砂上の城〜秘密を抱えた少年の数奇な運命
「カルヴィン・オルディンについて、わたくしが言えることはただ一つ。
彼はあまりに脆弱な、砂上の城、でした。
もはや、崩れた砂に埋もれ、彼は消えました。消えた人間は何も申しません」

[砂上の城、とはよく言ったものだ。女性の身でギリギリで生きていたんだろう]

ラインハルトはついいつもの癖でブリュオーの古語でつぶやいた。アベルはまたか、という顔をしている。

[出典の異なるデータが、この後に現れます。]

lemma indep_vars_map_pmf:
  assumes "prob_space.indep_vars (measure_pmf (map_pmf F p)) (\<lambda>_. count_space UNIV) X I"
  shows "prob_space.indep_vars (measure_pmf p) (\<lambda>_. count_space UNIV) (\<lambda>i x. X i (F x)) I"
proof (cases "I = {}")
  case True
  then show ?thesis
    by (simp add: prob_space.indep_vars_def [OF measure_pmf.prob_space_axioms]
        prob_space.indep_sets_def [OF measure_pmf.prob_space_axioms])
next
  case False
  let ?C = "count_space UNIV"
  have "distr (measure_pmf p) (Pi\<^sub>M I (\<lambda>_. ?C)) (\<lambda>x. \<lambda>i\<in>I. X i (F x)) =
      distr (distr (measure_pmf p) ?C F) (Pi\<^sub>M I (\<lambda>_. ?C)) (\<lambda>y. \<lambda>i\<in>I. X i y)"
    by (subst distr_distr) (auto simp: o_def space_PiM PiE_iff)
  also have "\<dots> = Pi\<^sub>M I (\<lambda>i. distr (distr (measure_pmf p) ?C F) ?C (X i))"
    using assms False
    by (subst (asm) prob_space.indep_vars_iff_distr_eq_PiM' [OF measure_pmf.prob_space_axioms])
       (auto simp: map_pmf_rep_eq)
  also have "\<dots> = Pi\<^sub>M I (\<lambda>i. distr (measure_pmf p) ?C (\<lambda>x. X i (F x)))"
    by (intro PiM_cong refl) (simp add: distr_distr o_def)
  finally show ?thesis
    using False by (subst prob_space.indep_vars_iff_distr_eq_PiM' [OF measure_pmf.prob_space_axioms]) auto
qed

text \<open>In round j with T = S_j(X_1, ..., X_{j-1}): resample T (Y_i) is the law of the redraw
  W_i (None if Y_i misses T), redrawn Y_i W_i is Z_i, and coupled_X_pmf gives the law of X_j.\<close>
definition resample :: "'a set \<Rightarrow> 'a \<Rightarrow> 'a option pmf" where
  "resample T y = (if y \<in> T then map_pmf Some (pmf_of_set T) else return_pmf None)"

definition redrawn :: "'a \<Rightarrow> 'a option \<Rightarrow> 'a" where
  "redrawn y w = (case w of Some w' \<Rightarrow> w' | None \<Rightarrow> y)"

definition coupled_X_pmf :: "'a set \<Rightarrow> nat \<Rightarrow> 'a list \<Rightarrow> 'a option list \<Rightarrow> 'a pmf" where
  "coupled_X_pmf T k ys ws =
     (if {i. i < k \<and> ys ! i \<in> T} \<noteq> {}
      then map_pmf (\<lambda>i. the (ws ! i)) (pmf_of_set {i. i < k \<and> ys ! i \<in> T})
      else pmf_of_set T)"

周囲が理解できないこの言語は、この場を一瞬ラインハルトだけの空間にして心を穏やかにしてくれる。
冷静な判断をするのに大切な『間』を与えてくれる、はずだった。

[あるがままに、自然の成り行きに任せるしかありませんでした]
「え?」

さすがのラインハルトも目を丸くした。
妹のジョセフィンが好きだった古語のフレーズがカレンの口から流れたことに驚きを隠せない。

[陛下はお気づきなのでしょう。私がカルヴィン・オルディンだと]

ラインハルトは信じられなかった。ワンフレーズだけでなくブリュオーの古語をまるで自国の言葉のように巧みに話すことのできる人間がいることに。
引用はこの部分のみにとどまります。